▶ **WHAT YOU SHOULD DO**: Copy out all the lines of the data that hold the word "fixes".

▶ **DATASET ENTRIES**:
+++

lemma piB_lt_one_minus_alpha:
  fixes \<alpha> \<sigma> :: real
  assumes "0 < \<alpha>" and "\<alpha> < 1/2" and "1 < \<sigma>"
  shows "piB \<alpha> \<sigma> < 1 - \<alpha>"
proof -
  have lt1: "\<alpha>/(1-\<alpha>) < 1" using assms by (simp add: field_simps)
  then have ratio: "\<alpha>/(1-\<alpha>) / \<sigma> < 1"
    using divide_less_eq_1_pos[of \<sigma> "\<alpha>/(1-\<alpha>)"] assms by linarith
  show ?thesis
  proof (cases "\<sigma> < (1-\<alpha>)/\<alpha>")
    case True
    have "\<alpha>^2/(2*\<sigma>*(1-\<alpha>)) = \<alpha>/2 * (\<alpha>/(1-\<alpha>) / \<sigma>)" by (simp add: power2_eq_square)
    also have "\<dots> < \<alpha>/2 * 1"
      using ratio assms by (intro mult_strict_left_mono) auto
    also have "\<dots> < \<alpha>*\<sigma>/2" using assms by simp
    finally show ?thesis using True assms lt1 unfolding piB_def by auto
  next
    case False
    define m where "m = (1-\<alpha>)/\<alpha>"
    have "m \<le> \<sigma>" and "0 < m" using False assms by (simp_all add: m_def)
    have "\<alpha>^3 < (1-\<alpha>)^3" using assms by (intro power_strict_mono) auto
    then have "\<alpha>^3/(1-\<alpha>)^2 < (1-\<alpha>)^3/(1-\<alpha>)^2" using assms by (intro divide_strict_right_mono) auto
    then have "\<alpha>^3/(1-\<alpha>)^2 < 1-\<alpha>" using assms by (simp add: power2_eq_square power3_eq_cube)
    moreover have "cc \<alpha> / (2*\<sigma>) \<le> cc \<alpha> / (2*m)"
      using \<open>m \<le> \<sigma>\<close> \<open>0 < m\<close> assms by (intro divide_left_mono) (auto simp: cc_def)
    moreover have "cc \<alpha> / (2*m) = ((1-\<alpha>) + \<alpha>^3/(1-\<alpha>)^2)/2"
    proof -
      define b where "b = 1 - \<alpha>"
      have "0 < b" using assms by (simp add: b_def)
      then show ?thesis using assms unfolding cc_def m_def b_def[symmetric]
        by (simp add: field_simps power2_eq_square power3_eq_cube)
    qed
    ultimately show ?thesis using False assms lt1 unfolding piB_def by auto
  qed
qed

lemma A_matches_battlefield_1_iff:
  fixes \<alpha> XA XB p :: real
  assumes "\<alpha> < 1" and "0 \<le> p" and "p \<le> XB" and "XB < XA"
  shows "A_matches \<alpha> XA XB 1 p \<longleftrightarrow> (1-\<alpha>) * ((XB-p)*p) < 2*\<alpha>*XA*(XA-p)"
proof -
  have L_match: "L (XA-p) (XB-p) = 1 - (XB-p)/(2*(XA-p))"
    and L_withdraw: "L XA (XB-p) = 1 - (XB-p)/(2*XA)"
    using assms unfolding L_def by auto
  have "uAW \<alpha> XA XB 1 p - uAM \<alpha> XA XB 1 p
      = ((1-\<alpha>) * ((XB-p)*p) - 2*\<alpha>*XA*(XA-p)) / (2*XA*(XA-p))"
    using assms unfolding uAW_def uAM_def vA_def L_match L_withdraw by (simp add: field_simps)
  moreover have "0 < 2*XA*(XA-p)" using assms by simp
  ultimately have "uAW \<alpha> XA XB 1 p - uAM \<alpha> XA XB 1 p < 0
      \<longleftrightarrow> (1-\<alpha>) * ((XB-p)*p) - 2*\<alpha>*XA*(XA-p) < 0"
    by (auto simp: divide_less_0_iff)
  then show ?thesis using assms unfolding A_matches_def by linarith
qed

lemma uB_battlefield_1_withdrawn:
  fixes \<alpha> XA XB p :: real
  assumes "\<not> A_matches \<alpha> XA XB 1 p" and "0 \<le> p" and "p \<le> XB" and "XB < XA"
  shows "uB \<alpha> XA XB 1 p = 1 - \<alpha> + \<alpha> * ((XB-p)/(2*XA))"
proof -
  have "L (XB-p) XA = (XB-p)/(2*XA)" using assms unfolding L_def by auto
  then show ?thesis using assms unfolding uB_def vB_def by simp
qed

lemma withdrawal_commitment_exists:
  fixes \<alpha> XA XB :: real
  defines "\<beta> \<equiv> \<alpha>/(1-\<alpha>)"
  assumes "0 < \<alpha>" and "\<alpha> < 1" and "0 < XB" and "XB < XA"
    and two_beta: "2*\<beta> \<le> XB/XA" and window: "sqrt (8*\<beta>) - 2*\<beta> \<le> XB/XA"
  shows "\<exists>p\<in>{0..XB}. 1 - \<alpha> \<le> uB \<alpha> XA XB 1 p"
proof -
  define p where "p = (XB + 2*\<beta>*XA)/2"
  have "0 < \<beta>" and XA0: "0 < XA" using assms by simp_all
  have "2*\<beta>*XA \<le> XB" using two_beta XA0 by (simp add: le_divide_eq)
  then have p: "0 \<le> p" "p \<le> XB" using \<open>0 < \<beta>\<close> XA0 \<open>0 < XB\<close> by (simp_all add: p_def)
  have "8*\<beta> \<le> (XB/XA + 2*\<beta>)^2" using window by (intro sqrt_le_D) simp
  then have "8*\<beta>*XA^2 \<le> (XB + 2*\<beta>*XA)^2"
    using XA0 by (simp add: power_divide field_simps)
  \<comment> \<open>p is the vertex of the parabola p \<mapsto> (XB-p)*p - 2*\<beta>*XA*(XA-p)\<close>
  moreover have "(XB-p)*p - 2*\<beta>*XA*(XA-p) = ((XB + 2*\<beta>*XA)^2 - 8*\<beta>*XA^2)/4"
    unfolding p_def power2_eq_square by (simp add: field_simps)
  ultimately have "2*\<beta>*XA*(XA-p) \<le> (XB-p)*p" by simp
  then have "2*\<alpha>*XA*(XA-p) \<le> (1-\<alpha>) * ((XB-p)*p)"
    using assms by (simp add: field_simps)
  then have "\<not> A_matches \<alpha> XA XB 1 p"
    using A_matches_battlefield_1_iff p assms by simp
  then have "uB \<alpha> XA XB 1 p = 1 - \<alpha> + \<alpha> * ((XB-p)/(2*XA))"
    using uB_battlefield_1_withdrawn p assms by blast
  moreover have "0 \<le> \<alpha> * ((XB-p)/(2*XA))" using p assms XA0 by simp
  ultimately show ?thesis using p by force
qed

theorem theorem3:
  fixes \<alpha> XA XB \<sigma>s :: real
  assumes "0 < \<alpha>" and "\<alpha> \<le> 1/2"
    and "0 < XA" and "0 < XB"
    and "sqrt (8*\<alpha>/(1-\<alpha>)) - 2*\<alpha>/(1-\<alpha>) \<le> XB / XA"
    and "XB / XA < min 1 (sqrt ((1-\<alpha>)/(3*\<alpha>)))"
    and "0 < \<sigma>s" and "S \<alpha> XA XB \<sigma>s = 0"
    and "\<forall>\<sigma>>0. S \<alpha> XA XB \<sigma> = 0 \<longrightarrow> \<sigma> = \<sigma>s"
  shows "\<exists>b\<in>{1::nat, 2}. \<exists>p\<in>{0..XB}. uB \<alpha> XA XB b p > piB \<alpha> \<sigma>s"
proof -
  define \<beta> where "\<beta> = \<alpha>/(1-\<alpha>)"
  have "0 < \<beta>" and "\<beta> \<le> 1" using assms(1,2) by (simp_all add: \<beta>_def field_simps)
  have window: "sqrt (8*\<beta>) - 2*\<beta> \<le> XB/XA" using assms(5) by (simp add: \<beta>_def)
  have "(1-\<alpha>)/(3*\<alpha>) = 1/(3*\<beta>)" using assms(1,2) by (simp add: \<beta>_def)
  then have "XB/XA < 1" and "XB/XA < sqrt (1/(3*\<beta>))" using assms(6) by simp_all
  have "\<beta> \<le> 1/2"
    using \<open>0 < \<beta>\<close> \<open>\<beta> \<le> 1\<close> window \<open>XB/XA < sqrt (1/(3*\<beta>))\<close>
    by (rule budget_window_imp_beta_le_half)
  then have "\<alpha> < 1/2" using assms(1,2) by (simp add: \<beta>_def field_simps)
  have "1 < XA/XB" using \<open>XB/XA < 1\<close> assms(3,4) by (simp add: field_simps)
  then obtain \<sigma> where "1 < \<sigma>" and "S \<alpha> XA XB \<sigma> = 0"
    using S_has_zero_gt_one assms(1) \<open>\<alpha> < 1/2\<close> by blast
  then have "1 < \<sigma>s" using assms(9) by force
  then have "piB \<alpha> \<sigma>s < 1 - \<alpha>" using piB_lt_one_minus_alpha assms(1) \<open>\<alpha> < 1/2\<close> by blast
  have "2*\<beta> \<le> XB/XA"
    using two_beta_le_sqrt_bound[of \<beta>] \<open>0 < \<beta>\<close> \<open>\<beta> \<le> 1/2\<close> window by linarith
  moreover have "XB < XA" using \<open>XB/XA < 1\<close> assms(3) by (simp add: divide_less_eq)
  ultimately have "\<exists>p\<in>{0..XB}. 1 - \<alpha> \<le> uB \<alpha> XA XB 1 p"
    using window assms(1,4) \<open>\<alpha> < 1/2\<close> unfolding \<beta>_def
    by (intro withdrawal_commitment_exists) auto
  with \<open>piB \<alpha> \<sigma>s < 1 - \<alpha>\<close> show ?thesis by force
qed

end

+++

▶ **ANSWER FOR THE TASK**:
  fixes \<alpha> \<sigma> :: real
  fixes \<alpha> XA XB p :: real
  fixes \<alpha> XA XB p :: real
  fixes \<alpha> XA XB :: real
  fixes \<alpha> XA XB \<sigma>s :: real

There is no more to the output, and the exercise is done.